The native fraction of the β-hairpin (N = 13) at different positions for the M-WSME model. The fractions from the different positions are color-coded sequentially; the red line (leftmost) denotes the h6 region, which includes the 1st and 13th foldon units; the green line denotes the h5 region, which includes the 2nd and 12th units; the blue line denotes the h4 region, which includes the 3rd and 11th units; the cyan line denotes the h3 region, which includes the 4th and 10th units; the magenta line denotes the h2 region, which includes the 5th and 9th units; and the black line (rightmost) includes the h1 region, which includes the 6th and 8th units. Note that Δs = 0.04 (kcal/mol K), ϵ = − 1.1 (kcal/mol) and T 1/2 = 300 K for all units (the homogeneous condition)

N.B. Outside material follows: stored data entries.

text \<open>In row \<open>i\<close> of a shuffle, the zeros padding the row of \<open>d1\<close> (resp. \<open>d2\<close>) have row prefix sum
  \<open>1\<close> (the full row sum of \<open>d1\<close>) resp. \<open>0\<close>, and column prefix sums those of the other matrix.\<close>

lemma row_count_shuffle:
  assumes S: "S \<in> shuffle_sets n1 n2" and d1: "is_asm n1 d1" and i: "i < n1 + n2"
  shows "row_count P (n1 + n2) (shuffle_mat n1 d1 d2 S) i =
    (if i \<in> S then row_count P n1 d1 (rank_in S i) +
                    (\<Sum>j<n2. if P 0 1 (col_pre d2 (rank_out S i) j) then 1 else 0)
     else (\<Sum>j<n1. if P 0 0 (col_pre d1 (rank_in S i) j) then 1 else 0) +
          row_count P n2 d2 (rank_out S i))"
proof -
  let ?M = "shuffle_mat n1 d1 d2 S"
  let ?g = "\<lambda>j. if P (?M i j) (row_pre ?M i j) (col_pre ?M i j) then 1 else (0::nat)"
  have split: "row_count P (n1 + n2) ?M i = (\<Sum>j<n1. ?g j) + (\<Sum>j<n2. ?g (n1 + j))"
    unfolding row_count_def sum_lessThan_add ..
  show ?thesis
  proof (cases "i \<in> S")
    case True
    have "rank_in S i < n1" using rank_in_less_card[of S "n1 + n2" i] S True
      by (simp add: shuffle_sets_def)
    then have "row_pre d1 (rank_in S i) n1 = 1"
      using asm_row_sum[OF d1] by (simp add: row_pre_def)
    moreover have "(\<Sum>j<n1. ?g j) = row_count P n1 d1 (rank_in S i)"
      unfolding row_count_def using True
      by (intro sum.cong) (auto simp: shuffle_mat_ranks row_pre_shuffle_left col_pre_shuffle_left)
    ultimately show ?thesis using True unfolding split
      by (simp add: shuffle_mat_ranks row_pre_shuffle_right col_pre_shuffle_right)
  next
    case False
    have "(\<Sum>j<n2. ?g (n1 + j)) = row_count P n2 d2 (rank_out S i)"
      unfolding row_count_def using False
      by (intro sum.cong) (auto simp: shuffle_mat_ranks row_pre_shuffle_right col_pre_shuffle_right)
    then show ?thesis using False unfolding split
      by (simp add: shuffle_mat_ranks row_pre_shuffle_left col_pre_shuffle_left)
  qed
qed

lemma sum_over_ranks:
  fixes f g h e :: "nat \<Rightarrow> nat"
  shows "(\<Sum>i<m. if i \<in> S then f (rank_in S i) + g (rank_out S i)
                 else h (rank_in S i) + e (rank_out S i))
   = (\<Sum>k<rank_in S m. f k) + (\<Sum>k<rank_out S m. e k) +
     (\<Sum>i<m. if i \<in> S then g (rank_out S i) else h (rank_in S i))"
  by (induction m) (auto simp: rank_in_Suc rank_out_Suc)

lemma entry_count_shuffle:
  assumes S: "S \<in> shuffle_sets n1 n2" and d1: "is_asm n1 d1"
  shows "entry_count P (n1 + n2) (shuffle_mat n1 d1 d2 S) = entry_count P n1 d1 + entry_count P n2 d2 +
     (\<Sum>i<n1 + n2. if i \<in> S then (\<Sum>j<n2. if P 0 1 (col_pre d2 (rank_out S i) j) then 1 else 0)
                   else (\<Sum>j<n1. if P 0 0 (col_pre d1 (rank_in S i) j) then 1 else 0))"
proof -
  have S': "S \<subseteq> {..<n1 + n2}" "card S = n1" using S by (auto simp: shuffle_sets_def)
  define X1 where "X1 k = (\<Sum>j<n1. if P 0 0 (col_pre d1 k j) then 1 else (0::nat))" for k
  define X2 where "X2 k = (\<Sum>j<n2. if P 0 1 (col_pre d2 k j) then 1 else (0::nat))" for k
  have "entry_count P (n1 + n2) (shuffle_mat n1 d1 d2 S) =
    (\<Sum>i<n1 + n2. if i \<in> S then row_count P n1 d1 (rank_in S i) + X2 (rank_out S i)
                  else X1 (rank_in S i) + row_count P n2 d2 (rank_out S i))"
    unfolding entry_count_def X1_def X2_def by (rule sum.cong) (simp_all add: row_count_shuffle[OF S d1])
  also have "\<dots> = entry_count P n1 d1 + entry_count P n2 d2 +
      (\<Sum>i<n1 + n2. if i \<in> S then X2 (rank_out S i) else X1 (rank_in S i))"
    unfolding sum_over_ranks entry_count_def
    using rank_in_full[OF S'(1)] rank_out_full[OF S'(1)] S'(2) by simp
  finally show ?thesis unfolding X1_def X2_def .
qed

Comparison between the WSME and M-WSME models in the folding of a real β -hairpin  In the experimental studies of β-hairpin folding, the GB1 C-terminal β-hairpin (41–56) and its derivatives have been widely investigated [6, 7, 6673]. The formation of the β-hairpin was thought to be associated with the formation of a hydrophobic cluster, which consists in the following four residues: Trp43, Tyr45, Phe52, and Val54. Thus, the population of the cluster (i.e., the correlation between these four residues) was used to approximate the population of the β-hairpin at an equilibrium condition [6, 7, 74]. Note that whether the experimental signals can reflect faithfully the correlation between the four residues in the cluster is beyond our discussion.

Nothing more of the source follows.